In one scene, the Billy becomes frustrated once more and slaps a hand, though this time it’s his daughter’s. She tells her mother Julie, and asks if it’s possible for the action to feel like a kiss. Hammerstein wrote Julie telling her daughter yes, it is possible, and effectively rationalizing the violence.
In this staging, however, DeMarco said they decided to have Julie respond instead to the effect of, “No, it’s never OK, and it always hurts.”
“We have suicide in the show, we didn’t take that out,” DeMarco said. “We couldn’t leave abuse in there. We wanted to get that message across. We’re working with young men and young women. To choose this one message… shows integrity.”
SENIOR Madison Hite, playing a relative of Julie’s named Nettie Fowler, said the change was discussed at the very first cast meeting late in the fall.
“No one had an objection to it,” she said.
Then it was on to the challenge of working up nearly operatic pieces of music that can last from seven to ten minutes at a time.

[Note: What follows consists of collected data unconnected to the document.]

(* In the line network model (see context) with any erasure probabilities $p_1,\dots,p_\ell\in[0,1)$, let $T^{(1)}_n:=\sigma_n=\min\{t:\rho_2(t)=n\}$ be the time for all $n$ packets to cross the first link and $\tau_n:=T_n-T^{(1)}_n$ the additional time for the remaining innovative packets at nodes $N^{(2)},\dots,N^{(\ell)}$ to reach the destination. Then $\mathbb{E}T^{(1)}_n=\frac{n}{1-p_1}$ and $\mathbb{E}\tau_n\le\mathbb{E}\tau_{n+1}$ for all $n\ge1$ (where $\tau_{n+1}$ refers to the same model with $n+1$ source packets).
   Context: Line network model. Fix integers $\ell\ge1$, $n\ge1$ and erasure probabilities $p_1,\dots,p_\ell\in[0,1)$. Let $\{z_{t,i}\}$ be independent Bernoulli variables with $\mathbb{P}(z_{t,i}=1)=1-p_i$. The rank $\rho_i(t)$ of node $N^{(i)}$ after $t$ steps satisfies $\rho_1(t)=n$, $\rho_i(0)=0$ for $i\ge2$, and $\rho_{i+1}(t)=\rho_{i+1}(t-1)+z_{t,i}\mathbf 1\{\rho_i(t-1)>\rho_{i+1}(t-1)\}$ for $t\ge1$, $1\le i\le\ell$. The completion time is $T_n:=\min\{t\ge0:\rho_{\ell+1}(t)=n\}$. *)

theory Defs
  imports "HOL-Probability.Probability"
begin

text \<open>Rank of node i (i = 1..l+1) after t steps, with n source packets and
  erasure indicators z t i (z t i = True means link i succeeds at step t).\<close>
primrec rho :: "nat \<Rightarrow> (nat \<Rightarrow> nat \<Rightarrow> bool) \<Rightarrow> nat \<Rightarrow> nat \<Rightarrow> nat" where
  "rho n z 0 i = (if i = 1 then n else 0)"
| "rho n z (Suc t) i =
     (if i \<le> 1 then n
      else rho n z t i +
           (if z (Suc t) (i - 1) \<and> rho n z t (i - 1) > rho n z t i then 1 else 0))"

definition hit :: "(nat \<Rightarrow> bool) \<Rightarrow> ennreal" where
  "hit P = (if \<exists>t. P t then of_nat (LEAST t. P t) else \<infinity>)"

definition completion_time :: "nat \<Rightarrow> nat \<Rightarrow> (nat \<Rightarrow> nat \<Rightarrow> bool) \<Rightarrow> ennreal" where
  "completion_time l n z = hit (\<lambda>t. rho n z t (l + 1) = n)"

definition first_link_time :: "nat \<Rightarrow> (nat \<Rightarrow> nat \<Rightarrow> bool) \<Rightarrow> ennreal" where
  "first_link_time n z = hit (\<lambda>t. rho n z t 2 = n)"

definition erasure_space :: "(nat \<Rightarrow> real) \<Rightarrow> ((nat \<times> nat) \<Rightarrow> bool) measure" where
  "erasure_space p = PiM UNIV (\<lambda>(t, i). measure_pmf (bernoulli_pmf (1 - p i)))"

end

theory Submission
  imports Defs
begin

(* Write sigma_n for the time all n packets have crossed link 1 and tau_n = T_n - sigma_n.
   Both claims come from restarting the network at the first time s at which link 1
   delivers a packet.

   (1) Deterministic part.  Node 2 holds min n (number of link-1 successes), so
       sigma_(m+1) = s + sigma_m(erasures after s).  A coupling shows that, from time s
       on, the (n+1)-packet network dominates the n-packet network driven by the shifted
       erasures, with at most one packet of difference at each node; hence
       s + T_n(shifted) <= T_(n+1) and therefore tau_n(shifted) <= tau_(n+1).
   (2) Probabilistic part.  The erasure space splits into the pattern of the first time
       step and an independent copy of itself.  First-step analysis then gives the strong
       Markov property at s: E[g(erasures after s)] = E[g] for every measurable g >= 0.
   (3) E sigma_1 = 1/(1-p_1) by the tail-sum formula P(sigma_1 > k) = p_1^k, so
       E sigma_n = n/(1-p_1) by induction, and E tau_n <= E tau_(n+1) follows from (1)
       and (2). *)

(* Number of packets carried by link 1 during steps 1, ..., t: this is the rank node 2
   would have with unboundedly many source packets. *)
fun successes :: "(nat \<Rightarrow> nat \<Rightarrow> bool) \<Rightarrow> nat \<Rightarrow> nat" where
  "successes z 0 = 0"
| "successes z (Suc t) = successes z t + (if z (Suc t) 1 then 1 else 0)"

lemma rho_source [simp]: "rho n z t 1 = n" "rho n z t (Suc 0) = n"
  by (cases t; simp)+

lemma rho_mono_time: "rho n z t i \<le> rho n z (Suc t) i"
  by (cases t; cases i) auto

lemma rho_le_predecessor: "2 \<le> i \<Longrightarrow> rho n z t i \<le> rho n z t (i - 1)"
proof (induction t)
  case 0
  then show ?case by simp
next
  case (Suc t)
  then have "rho n z (Suc t) i \<le> rho n z t (i - 1)" by auto
  also have "\<dots> \<le> rho n z (Suc t) (i - 1)" by (rule rho_mono_time)
  finally show ?case .
qed

lemma rho_le_second: "2 \<le> i \<Longrightarrow> rho n z t i \<le> rho n z t 2"
proof (induction i rule: dec_induct)
  case (step k)
  then show ?case using rho_le_predecessor[of "Suc k" n z t] by simp
qed simp

(* Node 2 has received min n (successes z t) packets; this turns the first-link time into
   a counting problem. *)
lemma rho_second: "rho n z t 2 = min n (successes z t)"
  by (induction t) (auto simp: min_def)

lemma rho_le_packets: "1 \<le> i \<Longrightarrow> rho n z t i \<le> n"
  using rho_le_second[of i n z t] by (cases "i = 1") (auto simp: rho_second)

(* The erasure pattern seen from time k on.  The entry at time 0 is never read by the
   recursion; it is kept so that shifting exactly undoes the insertion of a time step. *)
definition shift_time :: "nat \<Rightarrow> (nat \<Rightarrow> nat \<Rightarrow> bool) \<Rightarrow> nat \<Rightarrow> nat \<Rightarrow> bool" where
  "shift_time k z = (\<lambda>t. if t = 0 then z 0 else z (t + k))"

lemma successes_shift_time: "successes z (s + t) = successes z s + successes (shift_time s z) t"
  by (induction t) (auto simp: shift_time_def add.commute)

definition first_success :: "(nat \<Rightarrow> nat \<Rightarrow> bool) \<Rightarrow> nat" where
  "first_success z = (LEAST t. 1 \<le> successes z t)"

“It requires more work to sing,” senior Tim Ellis admitted. “It’s harder on the voice to sing these longer scenes.”
Tolbert said the difficulty is not only one of endurance, but also complexity, with some scoring calling for eight parts to be performed at once.
“And they can hold that,” Tolbert said. “The quality of the musicians putting this together is just impressive.”
Hite said that while the music that includes classic songs “If I Loved You,” “June Is Bustin’ Out All Over” and “You’ll Never Walk Alone” is a bear to work up, “it’s absolutely beautiful.
“There’s not one song in the show where you think, ‘This isn’t that good,’” she added.
DeMarco acknowledged “Carousel” was a bit less familiar to students than the recent production of Disney’s “Beauty and the Beast.” However, she said, “it’s exciting to see young people do the classics,” she said, “and bring it to life like it’s their favorite show.”